Each record is to be given again precisely as written.

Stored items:
_ _ _ _

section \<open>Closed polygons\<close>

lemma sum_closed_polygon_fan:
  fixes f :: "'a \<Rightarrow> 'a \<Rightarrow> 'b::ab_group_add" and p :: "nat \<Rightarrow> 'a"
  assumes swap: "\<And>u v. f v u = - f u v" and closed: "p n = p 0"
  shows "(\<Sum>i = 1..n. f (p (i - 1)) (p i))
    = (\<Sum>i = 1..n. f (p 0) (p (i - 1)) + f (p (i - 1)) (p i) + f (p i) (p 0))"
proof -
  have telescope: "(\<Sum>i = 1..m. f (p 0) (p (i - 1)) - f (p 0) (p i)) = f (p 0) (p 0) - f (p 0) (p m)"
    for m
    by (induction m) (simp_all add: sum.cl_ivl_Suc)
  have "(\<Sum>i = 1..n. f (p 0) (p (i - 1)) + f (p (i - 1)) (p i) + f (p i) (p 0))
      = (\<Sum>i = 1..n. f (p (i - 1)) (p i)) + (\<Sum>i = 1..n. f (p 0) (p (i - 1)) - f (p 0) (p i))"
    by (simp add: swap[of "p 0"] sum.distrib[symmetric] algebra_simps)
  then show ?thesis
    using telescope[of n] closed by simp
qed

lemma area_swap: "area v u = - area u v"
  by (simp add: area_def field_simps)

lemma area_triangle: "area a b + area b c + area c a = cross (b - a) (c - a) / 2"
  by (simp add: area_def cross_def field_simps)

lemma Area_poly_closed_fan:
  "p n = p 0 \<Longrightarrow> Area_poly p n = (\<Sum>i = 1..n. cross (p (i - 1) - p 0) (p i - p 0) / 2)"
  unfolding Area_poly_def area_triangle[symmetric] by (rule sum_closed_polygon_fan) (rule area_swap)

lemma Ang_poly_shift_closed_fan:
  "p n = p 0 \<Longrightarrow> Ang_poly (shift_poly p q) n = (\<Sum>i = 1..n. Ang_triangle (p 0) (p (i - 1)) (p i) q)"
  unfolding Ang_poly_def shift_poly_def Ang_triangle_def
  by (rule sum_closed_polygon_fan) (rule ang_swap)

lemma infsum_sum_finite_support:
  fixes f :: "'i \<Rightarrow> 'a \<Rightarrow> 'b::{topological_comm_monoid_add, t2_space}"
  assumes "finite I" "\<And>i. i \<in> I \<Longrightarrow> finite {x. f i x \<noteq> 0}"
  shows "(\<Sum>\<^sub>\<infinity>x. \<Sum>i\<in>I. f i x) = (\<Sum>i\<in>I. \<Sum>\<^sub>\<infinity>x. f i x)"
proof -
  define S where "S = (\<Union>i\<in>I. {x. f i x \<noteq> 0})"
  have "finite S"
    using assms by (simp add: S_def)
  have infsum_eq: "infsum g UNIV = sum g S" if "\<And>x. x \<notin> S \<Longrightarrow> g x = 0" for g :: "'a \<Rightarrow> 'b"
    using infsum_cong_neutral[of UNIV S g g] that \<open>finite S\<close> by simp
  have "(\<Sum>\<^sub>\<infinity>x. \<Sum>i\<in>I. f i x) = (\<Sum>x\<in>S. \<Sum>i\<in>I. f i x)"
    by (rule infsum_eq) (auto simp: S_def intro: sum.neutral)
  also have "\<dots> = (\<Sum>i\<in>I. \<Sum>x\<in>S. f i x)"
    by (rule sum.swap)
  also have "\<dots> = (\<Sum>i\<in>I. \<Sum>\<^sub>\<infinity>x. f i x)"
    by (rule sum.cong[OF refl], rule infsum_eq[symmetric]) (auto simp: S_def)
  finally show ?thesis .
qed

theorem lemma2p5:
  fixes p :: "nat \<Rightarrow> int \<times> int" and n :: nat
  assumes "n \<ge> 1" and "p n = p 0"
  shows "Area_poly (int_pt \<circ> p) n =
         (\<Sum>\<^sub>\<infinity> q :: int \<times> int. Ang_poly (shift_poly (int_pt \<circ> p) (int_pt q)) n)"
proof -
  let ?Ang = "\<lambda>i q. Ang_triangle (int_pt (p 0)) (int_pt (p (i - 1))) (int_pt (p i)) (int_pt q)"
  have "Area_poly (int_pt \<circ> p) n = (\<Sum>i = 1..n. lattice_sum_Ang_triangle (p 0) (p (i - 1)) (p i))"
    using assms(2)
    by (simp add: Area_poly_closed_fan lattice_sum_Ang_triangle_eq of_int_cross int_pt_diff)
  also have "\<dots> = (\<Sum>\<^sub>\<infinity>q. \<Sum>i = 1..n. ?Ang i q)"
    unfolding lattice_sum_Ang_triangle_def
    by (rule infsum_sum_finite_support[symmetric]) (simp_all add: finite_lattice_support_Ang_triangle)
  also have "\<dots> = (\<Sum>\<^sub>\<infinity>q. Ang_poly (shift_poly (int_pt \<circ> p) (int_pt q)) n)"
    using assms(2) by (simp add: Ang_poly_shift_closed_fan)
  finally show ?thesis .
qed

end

_ _ _ _

PROBLEM SOLUTION.
section \<open>Closed polygons\<close>

lemma sum_closed_polygon_fan:
  fixes f :: "'a \<Rightarrow> 'a \<Rightarrow> 'b::ab_group_add" and p :: "nat \<Rightarrow> 'a"
  assumes swap: "\<And>u v. f v u = - f u v" and closed: "p n = p 0"
  shows "(\<Sum>i = 1..n. f (p (i - 1)) (p i))
    = (\<Sum>i = 1..n. f (p 0) (p (i - 1)) + f (p (i - 1)) (p i) + f (p i) (p 0))"
proof -
  have telescope: "(\<Sum>i = 1..m. f (p 0) (p (i - 1)) - f (p 0) (p i)) = f (p 0) (p 0) - f (p 0) (p m)"
    for m
    by (induction m) (simp_all add: sum.cl_ivl_Suc)
  have "(\<Sum>i = 1..n. f (p 0) (p (i - 1)) + f (p (i - 1)) (p i) + f (p i) (p 0))
      = (\<Sum>i = 1..n. f (p (i - 1)) (p i)) + (\<Sum>i = 1..n. f (p 0) (p (i - 1)) - f (p 0) (p i))"
    by (simp add: swap[of "p 0"] sum.distrib[symmetric] algebra_simps)
  then show ?thesis
    using telescope[of n] closed by simp
qed

lemma area_swap: "area v u = - area u v"
  by (simp add: area_def field_simps)

lemma area_triangle: "area a b + area b c + area c a = cross (b - a) (c - a) / 2"
  by (simp add: area_def cross_def field_simps)

lemma Area_poly_closed_fan:
  "p n = p 0 \<Longrightarrow> Area_poly p n = (\<Sum>i = 1..n. cross (p (i - 1) - p 0) (p i - p 0) / 2)"
  unfolding Area_poly_def area_triangle[symmetric] by (rule sum_closed_polygon_fan) (rule area_swap)

lemma Ang_poly_shift_closed_fan:
  "p n = p 0 \<Longrightarrow> Ang_poly (shift_poly p q) n = (\<Sum>i = 1..n. Ang_triangle (p 0) (p (i - 1)) (p i) q)"
  unfolding Ang_poly_def shift_poly_def Ang_triangle_def
  by (rule sum_closed_polygon_fan) (rule ang_swap)

lemma infsum_sum_finite_support:
  fixes f :: "'i \<Rightarrow> 'a \<Rightarrow> 'b::{topological_comm_monoid_add, t2_space}"
  assumes "finite I" "\<And>i. i \<in> I \<Longrightarrow> finite {x. f i x \<noteq> 0}"
  shows "(\<Sum>\<^sub>\<infinity>x. \<Sum>i\<in>I. f i x) = (\<Sum>i\<in>I. \<Sum>\<^sub>\<infinity>x. f i x)"
proof -
  define S where "S = (\<Union>i\<in>I. {x. f i x \<noteq> 0})"
  have "finite S"
    using assms by (simp add: S_def)
  have infsum_eq: "infsum g UNIV = sum g S" if "\<And>x. x \<notin> S \<Longrightarrow> g x = 0" for g :: "'a \<Rightarrow> 'b"
    using infsum_cong_neutral[of UNIV S g g] that \<open>finite S\<close> by simp
  have "(\<Sum>\<^sub>\<infinity>x. \<Sum>i\<in>I. f i x) = (\<Sum>x\<in>S. \<Sum>i\<in>I. f i x)"
    by (rule infsum_eq) (auto simp: S_def intro: sum.neutral)
  also have "\<dots> = (\<Sum>i\<in>I. \<Sum>x\<in>S. f i x)"
    by (rule sum.swap)
  also have "\<dots> = (\<Sum>i\<in>I. \<Sum>\<^sub>\<infinity>x. f i x)"
    by (rule sum.cong[OF refl], rule infsum_eq[symmetric]) (auto simp: S_def)
  finally show ?thesis .
qed

theorem lemma2p5:
  fixes p :: "nat \<Rightarrow> int \<times> int" and n :: nat
  assumes "n \<ge> 1" and "p n = p 0"
  shows "Area_poly (int_pt \<circ> p) n =
         (\<Sum>\<^sub>\<infinity> q :: int \<times> int. Ang_poly (shift_poly (int_pt \<circ> p) (int_pt q)) n)"
proof -
  let ?Ang = "\<lambda>i q. Ang_triangle (int_pt (p 0)) (int_pt (p (i - 1))) (int_pt (p i)) (int_pt q)"
  have "Area_poly (int_pt \<circ> p) n = (\<Sum>i = 1..n. lattice_sum_Ang_triangle (p 0) (p (i - 1)) (p i))"
    using assms(2)
    by (simp add: Area_poly_closed_fan lattice_sum_Ang_triangle_eq of_int_cross int_pt_diff)
  also have "\<dots> = (\<Sum>\<^sub>\<infinity>q. \<Sum>i = 1..n. ?Ang i q)"
    unfolding lattice_sum_Ang_triangle_def
    by (rule infsum_sum_finite_support[symmetric]) (simp_all add: finite_lattice_support_Ang_triangle)
  also have "\<dots> = (\<Sum>\<^sub>\<infinity>q. Ang_poly (shift_poly (int_pt \<circ> p) (int_pt q)) n)"
    using assms(2) by (simp add: Ang_poly_shift_closed_fan)
  finally show ?thesis .
qed

end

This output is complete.